In this lesson students will compare distributions from multiple populations of interest using:
dplyr
: group_by
and summarise
boxplots
violin
plotsbeeswarm
plotslibrary(tidyverse)
aqi<-read.csv("https://raw.githubusercontent.com/kitadasmalley/DATA151/main/Data/fireAQI_OrCoWa_10192022.csv",
header=TRUE)
How does the air quality compare in Oregon, Washington, and Colorado?
## LET'S START WITH MEAN and STANDARD DEV
aqi%>%
group_by(State)%>%
summarise(n=n(),
avgAQI=mean(AQI, na.rm = TRUE),
sdAQI=sd(AQI, na.rm = TRUE),
NAs=sum(is.na(AQI)))
## # A tibble: 3 × 5
## State n avgAQI sdAQI NAs
## <fct> <int> <dbl> <dbl> <int>
## 1 Colorado 11 35.6 7.07 0
## 2 Oregon 47 81.0 57.9 3
## 3 Washington 52 117. 72.0 1
Now let’s add more metrics! Let’s use the quartiles. Cutting our data into quartiles means that we have split the data into four even parts.
We can use the quantile()
function to get any desired quantile from our data set. Quantile is synonymous with percentile. When we use the quantile function we specify the fraction of data below a desired cut off point.
# The first quartile
quantile(aqi$AQI, prob=.25, na.rm = TRUE)
## 25%
## 39
We can do this for each state:
aqi%>%
group_by(State)%>%
summarise(n=n(),
min=min(AQI, na.rm = TRUE),
Q1=quantile(AQI, prob=.25, na.rm = TRUE),
med=median(AQI, na.rm = TRUE),
Q3=quantile(AQI, prob=.75, na.rm = TRUE),
max=max(AQI, na.rm = TRUE))
## # A tibble: 3 × 7
## State n min Q1 med Q3 max
## <fct> <int> <int> <dbl> <dbl> <dbl> <int>
## 1 Colorado 11 19 33.5 36 38 49
## 2 Oregon 47 13 35.8 62.5 116. 245
## 3 Washington 52 15 67 84 170 359
What do you observe?
# BOXPLOT
ggplot(aqi, aes(x=State, y=AQI, fill=State))+
geom_boxplot()
## Warning: Removed 4 rows containing non-finite values (stat_boxplot).
# Violin
ggplot(aqi, aes(x=State, y=AQI, fill=State))+
geom_violin()
## Warning: Removed 4 rows containing non-finite values (stat_ydensity).
You could make a dot plot!
# Dot plot
ggplot(aqi, aes(x=State, y=AQI, fill=State))+
geom_dotplot(binaxis='y')
## Bin width defaults to 1/30 of the range of the data. Pick better value with `binwidth`.
## Warning: Removed 4 rows containing non-finite values (stat_bindot).

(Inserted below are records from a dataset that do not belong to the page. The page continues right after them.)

(* Let $\mathcal{G}$ be an effective ample groupoid. The following are equivalent: (1) $(\llbracket\mathcal{G}\rrbracket,\mathcal{G}^{(0)})$ is locally moving, i.e.\ for every non-empty open $A\subseteq\mathcal{G}^{(0)}$ there is $\gamma\in\llbracket\mathcal{G}\rrbracket\setminus\{1\}$ with $\operatorname{supp}(\gamma)\subseteq A$; (2) every non-empty clopen subset of $\mathcal{G}^{(0)}$ contains two distinct points of some single $\mathcal{G}$-orbit.
   Context: Étale groupoid: topological groupoid whose range map $r(g)=gg^{-1}$ is a local homeomorphism, source $s(g)=g^{-1}g$; ample: étale with $\mathcal{G}^{(0)}$ Hausdorff having a basis of compact open sets; effective: interior of $\{g:s(g)=r(g)\}$ equals $\mathcal{G}^{(0)}$. $\mathcal{G}$-orbit of $x$: $\{r(g):s(g)=x\}$. A full bisection is an open $U$ with $s,r$ injective on $U$ and $s(U)=r(U)=\mathcal{G}^{(0)}$; $\pi_U=r|_U\circ(s|_U)^{-1}$. $\operatorname{supp}(\phi)$ is the closure of the set of points moved by $\phi$. $\llbracket\mathcal{G}\rrbracket$ is the group of all $\pi_U$ for full bisections $U$ with $\operatorname{supp}(\pi_U)$ compact. *)

theory Defs
  imports "HOL-Analysis.Analysis"
begin

text \<open>A topological groupoid is given by a topology T on the type of arrows
(arrow set = topspace T), a unit space G0, a multiplication m (meaningful on
composable pairs) and an inversion i.\<close>

definition gsrc :: "('g \<Rightarrow> 'g \<Rightarrow> 'g) \<Rightarrow> ('g \<Rightarrow> 'g) \<Rightarrow> 'g \<Rightarrow> 'g" where
  "gsrc m i g = m (i g) g"

definition grng :: "('g \<Rightarrow> 'g \<Rightarrow> 'g) \<Rightarrow> ('g \<Rightarrow> 'g) \<Rightarrow> 'g \<Rightarrow> 'g" where
  "grng m i g = m g (i g)"

definition groupoid :: "'g set \<Rightarrow> 'g set \<Rightarrow> ('g \<Rightarrow> 'g \<Rightarrow> 'g) \<Rightarrow> ('g \<Rightarrow> 'g) \<Rightarrow> bool" where
  "groupoid G G0 m i \<longleftrightarrow>
     G0 \<subseteq> G \<and>
     (\<forall>g\<in>G. i g \<in> G \<and> i (i g) = g) \<and>
     (\<forall>g\<in>G. gsrc m i g \<in> G0 \<and> grng m i g \<in> G0) \<and>
     (\<forall>x\<in>G0. gsrc m i x = x \<and> grng m i x = x) \<and>
     (\<forall>g\<in>G. m g (gsrc m i g) = g \<and> m (grng m i g) g = g) \<and>
     (\<forall>g\<in>G. \<forall>h\<in>G. gsrc m i g = grng m i h \<longrightarrow>
        m g h \<in> G \<and> gsrc m i (m g h) = gsrc m i h \<and> grng m i (m g h) = grng m i g) \<and>
     (\<forall>g\<in>G. \<forall>h\<in>G. \<forall>k\<in>G. gsrc m i g = grng m i h \<and> gsrc m i h = grng m i k \<longrightarrow>
        m (m g h) k = m g (m h k))"

definition composable_pairs :: "'g set \<Rightarrow> ('g \<Rightarrow> 'g \<Rightarrow> 'g) \<Rightarrow> ('g \<Rightarrow> 'g) \<Rightarrow> ('g \<times> 'g) set" where
  "composable_pairs G m i = {(g, h). g \<in> G \<and> h \<in> G \<and> gsrc m i g = grng m i h}"

definition topological_groupoid :: "'g topology \<Rightarrow> 'g set \<Rightarrow> ('g \<Rightarrow> 'g \<Rightarrow> 'g) \<Rightarrow> ('g \<Rightarrow> 'g) \<Rightarrow> bool" where
  "topological_groupoid T G0 m i \<longleftrightarrow>
     groupoid (topspace T) G0 m i \<and>
     continuous_map T T i \<and>
     continuous_map (subtopology (prod_topology T T) (composable_pairs (topspace T) m i)) T
        (\<lambda>(g, h). m g h)"

definition local_homeomorphism_map :: "'a topology \<Rightarrow> 'b topology \<Rightarrow> ('a \<Rightarrow> 'b) \<Rightarrow> bool" where
  "local_homeomorphism_map X Y f \<longleftrightarrow>
     continuous_map X Y f \<and>
     (\<forall>x\<in>topspace X. \<exists>U. openin X U \<and> x \<in> U \<and> openin Y (f ` U) \<and>
        homeomorphic_map (subtopology X U) (subtopology Y (f ` U)) f)"

definition etale_groupoid :: "'g topology \<Rightarrow> 'g set \<Rightarrow> ('g \<Rightarrow> 'g \<Rightarrow> 'g) \<Rightarrow> ('g \<Rightarrow> 'g) \<Rightarrow> bool" where
  "etale_groupoid T G0 m i \<longleftrightarrow>
     topological_groupoid T G0 m i \<and>
     local_homeomorphism_map T (subtopology T G0) (grng m i)"

definition ample_groupoid :: "'g topology \<Rightarrow> 'g set \<Rightarrow> ('g \<Rightarrow> 'g \<Rightarrow> 'g) \<Rightarrow> ('g \<Rightarrow> 'g) \<Rightarrow> bool" where
  "ample_groupoid T G0 m i \<longleftrightarrow>
     etale_groupoid T G0 m i \<and>
     Hausdorff_space (subtopology T G0) \<and>
     (\<forall>W x. openin (subtopology T G0) W \<and> x \<in> W \<longrightarrow>
        (\<exists>K. openin (subtopology T G0) K \<and> compactin (subtopology T G0) K \<and> x \<in> K \<and> K \<subseteq> W))"

definition effective_groupoid :: "'g topology \<Rightarrow> 'g set \<Rightarrow> ('g \<Rightarrow> 'g \<Rightarrow> 'g) \<Rightarrow> ('g \<Rightarrow> 'g) \<Rightarrow> bool" where
  "effective_groupoid T G0 m i \<longleftrightarrow>
     T interior_of {g \<in> topspace T. gsrc m i g = grng m i g} = G0"

definition gorbit :: "'g topology \<Rightarrow> ('g \<Rightarrow> 'g \<Rightarrow> 'g) \<Rightarrow> ('g \<Rightarrow> 'g) \<Rightarrow> 'g \<Rightarrow> 'g set" where
  "gorbit T m i x = {grng m i g | g. g \<in> topspace T \<and> gsrc m i g = x}"

definition full_bisection :: "'g topology \<Rightarrow> 'g set \<Rightarrow> ('g \<Rightarrow> 'g \<Rightarrow> 'g) \<Rightarrow> ('g \<Rightarrow> 'g) \<Rightarrow> 'g set \<Rightarrow> bool" where
  "full_bisection T G0 m i U \<longleftrightarrow>
     openin T U \<and> inj_on (gsrc m i) U \<and> inj_on (grng m i) U \<and>
     gsrc m i ` U = G0 \<and> grng m i ` U = G0"

text \<open>pi_U = r|_U o (s|_U)^-1 on G0; extended by the identity outside G0 so that
the identity homeomorphism of G0 is represented by id.\<close>
definition bisection_map :: "('g \<Rightarrow> 'g \<Rightarrow> 'g) \<Rightarrow> ('g \<Rightarrow> 'g) \<Rightarrow> 'g set \<Rightarrow> 'g set \<Rightarrow> 'g \<Rightarrow> 'g" where
  "bisection_map m i G0 U x = (if x \<in> G0 then grng m i (inv_into U (gsrc m i) x) else x)"

definition supp_map :: "'a topology \<Rightarrow> ('a \<Rightarrow> 'a) \<Rightarrow> 'a set" where
  "supp_map X \<phi> = X closure_of {x \<in> topspace X. \<phi> x \<noteq> x}"

definition topological_full_group :: "'g topology \<Rightarrow> 'g set \<Rightarrow> ('g \<Rightarrow> 'g \<Rightarrow> 'g) \<Rightarrow> ('g \<Rightarrow> 'g) \<Rightarrow> ('g \<Rightarrow> 'g) set" where
  "topological_full_group T G0 m i =
     {bisection_map m i G0 U | U. full_bisection T G0 m i U \<and>
        compactin (subtopology T G0) (supp_map (subtopology T G0) (bisection_map m i G0 U))}"

definition locally_moving :: "'a topology \<Rightarrow> ('a \<Rightarrow> 'a) set \<Rightarrow> bool" where
  "locally_moving X \<Gamma> \<longleftrightarrow>
     (\<forall>A. openin X A \<and> A \<noteq> {} \<longrightarrow> (\<exists>\<gamma>\<in>\<Gamma>. \<gamma> \<noteq> id \<and> supp_map X \<gamma> \<subseteq> A))"

end

theory Submission
  imports Defs
begin

text \<open>
A non-trivial \<gamma> in the topological full group moves some unit x to y = \<gamma> x, which lies in the
orbit of x and, \<gamma> being injective, is moved as well; so x and y both lie in the support of \<gamma>.
Conversely, inside a non-empty open A choose a compact open K and, by hypothesis, an arrow g
from x to y \<noteq> x with x, y \<in> K. As source and range are local homeomorphisms and the unit space
has a basis of compact open sets, g lies in a compact open bisection B whose source D and range
E are disjoint subsets of K. Then B \<union> i ` B \<union> (G0 - (D \<union> E)) is a full bisection whose map
swaps D and E and fixes everything else: a non-trivial element of the full group supported in K.
\<close>

lemma effective_groupoid_imp_openin_units:
  "effective_groupoid T G0 m i \<Longrightarrow> openin T G0"
  unfolding effective_groupoid_def by (metis openin_interior_of)

lemma openin_image_local_homeomorphism:
  assumes "homeomorphic_map (subtopology X U) (subtopology Y (f ` U)) f" "openin Y (f ` U)"
    and "openin X W" "W \<subseteq> U"
  shows "openin Y (f ` W)"
proof -
  have "openin (subtopology X U) W"
    using assms(3,4) unfolding openin_subtopology by (metis Int_absorb2)
  then have "openin (subtopology Y (f ` U)) (f ` W)"
    using assms(1) homeomorphic_imp_open_map open_map_def by blast
  then show ?thesis
    using assms(2) openin_trans_full by blast
qed

lemma inj_on_Un_disjoint_images:
  "inj_on f A \<Longrightarrow> inj_on f B \<Longrightarrow> f ` A \<inter> f ` B = {} \<Longrightarrow> inj_on f (A \<union> B)"
  by (auto simp: inj_on_Un)

lemma moved_point_in_supp_map:
  "x \<in> topspace X \<Longrightarrow> \<phi> x \<noteq> x \<Longrightarrow> x \<in> supp_map X \<phi>"
  unfolding supp_map_def by (auto intro: closure_of_subset[THEN subsetD])

locale ample_groupoid_open_units =
  fixes T :: "'g topology" and G0 :: "'g set" and m :: "'g \<Rightarrow> 'g \<Rightarrow> 'g" and i :: "'g \<Rightarrow> 'g"
  assumes ample: "ample_groupoid T G0 m i" and openin_units: "openin T G0"
begin

abbreviation "X \<equiv> subtopology T G0"
abbreviation "src \<equiv> gsrc m i"
abbreviation "rng \<equiv> grng m i"

lemma groupoid: "groupoid (topspace T) G0 m i"
  using ample unfolding ample_groupoid_def etale_groupoid_def topological_groupoid_def by blast

lemma units_subset: "G0 \<subseteq> topspace T"
  using groupoid unfolding groupoid_def by blast

lemma topspace_X: "topspace X = G0"
  using units_subset by auto

lemma inv_in: "g \<in> topspace T \<Longrightarrow> i g \<in> topspace T"
  using groupoid unfolding groupoid_def by blast

lemma inv_inv: "g \<in> topspace T \<Longrightarrow> i (i g) = g"
  using groupoid unfolding groupoid_def by blast

lemma src_in_units: "g \<in> topspace T \<Longrightarrow> src g \<in> G0"
  using groupoid unfolding groupoid_def by blast

lemma rng_in_units: "g \<in> topspace T \<Longrightarrow> rng g \<in> G0"
  using groupoid unfolding groupoid_def by blast

lemma src_unit: "x \<in> G0 \<Longrightarrow> src x = x"
  using groupoid unfolding groupoid_def by blast

lemma rng_unit: "x \<in> G0 \<Longrightarrow> rng x = x"
  using groupoid unfolding groupoid_def by blast

lemma src_inv: "g \<in> topspace T \<Longrightarrow> src (i g) = rng g"
  by (simp add: gsrc_def grng_def inv_inv)

lemma rng_inv: "g \<in> topspace T \<Longrightarrow> rng (i g) = src g"
  by (simp add: gsrc_def grng_def inv_inv)

lemma openin_X_iff: "openin X W \<longleftrightarrow> openin T W \<and> W \<subseteq> G0"
  by (rule openin_open_subtopology[OF openin_units])

lemma Hausdorff_X: "Hausdorff_space X"
  using ample unfolding ample_groupoid_def by blast

lemma compact_open_basis:
  "openin X W \<Longrightarrow> x \<in> W \<Longrightarrow> \<exists>K. openin X K \<and> compactin X K \<and> x \<in> K \<and> K \<subseteq> W"
  using ample unfolding ample_groupoid_def by blast

lemma continuous_map_inv: "continuous_map T T i"
  using ample unfolding ample_groupoid_def etale_groupoid_def topological_groupoid_def by blast

lemma homeomorphic_map_inv: "homeomorphic_map T T i"
  unfolding homeomorphic_map_maps homeomorphic_maps_def
  using continuous_map_inv inv_inv by blast

lemma continuous_map_rng: "continuous_map T X rng"
  using ample unfolding ample_groupoid_def etale_groupoid_def local_homeomorphism_map_def by blast

lemma continuous_map_src: "continuous_map T X src"
  using continuous_map_compose[OF continuous_map_inv continuous_map_rng]
  by (rule continuous_map_eq) (simp add: rng_inv)

lemma inv_image_eq_preimage:
  "B \<subseteq> topspace T \<Longrightarrow> i ` B = {h \<in> topspace T. i h \<in> B}"
  using inv_in inv_inv by (auto intro!: image_eqI)

lemma openin_inv_image: "openin T B \<Longrightarrow> openin T (i ` B)"
  using inv_image_eq_preimage[OF openin_subset]
  by (metis openin_continuous_map_preimage[OF continuous_map_inv])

#install.packages('ggbeeswarm')
library(ggbeeswarm)
ggplot(aqi, aes(x=State, y=AQI, color=State))+
geom_beeswarm()
## Warning: Removed 4 rows containing missing values (position_beeswarm).
Faceting can be used with any type of plot to separate subgroups.
Here is a histogram where the y-axis is count.
### Histogram (Counts)
ggplot(aqi, aes(x=AQI, fill=State))+
geom_histogram()+
facet_grid(State~.)
## `stat_bin()` using `bins = 30`. Pick better value with `binwidth`.
## Warning: Removed 4 rows containing non-finite values (stat_bin).
We can change the y-axis to density (proportions).
### Histogram (Density)
ggplot(aqi, aes(x=AQI, fill=State))+
geom_histogram(aes(y=..density..))+
facet_grid(State~.)
## `stat_bin()` using `bins = 30`. Pick better value with `binwidth`.
## Warning: Removed 4 rows containing non-finite values (stat_bin).
Since there is a spike in the Colorado distribution, this distorts the scale for the distributions for Oregon and Washington. We can fix this by allowing the y-axis to freely vary.
### Histogram (Density - Free_y)
ggplot(aqi, aes(x=AQI, fill=State))+
geom_histogram(aes(y=..density..))+
facet_grid(State~., scales = "free_y")
## `stat_bin()` using `bins = 30`. Pick better value with `binwidth`.
## Warning: Removed 4 rows containing non-finite values (stat_bin).
We can also make a density plot!
### Density Plot (free_y)
ggplot(aqi, aes(x=AQI, fill=State))+
geom_density()+
facet_grid(State~., scales = "free_y")
## Warning: Removed 4 rows containing non-finite values (stat_density).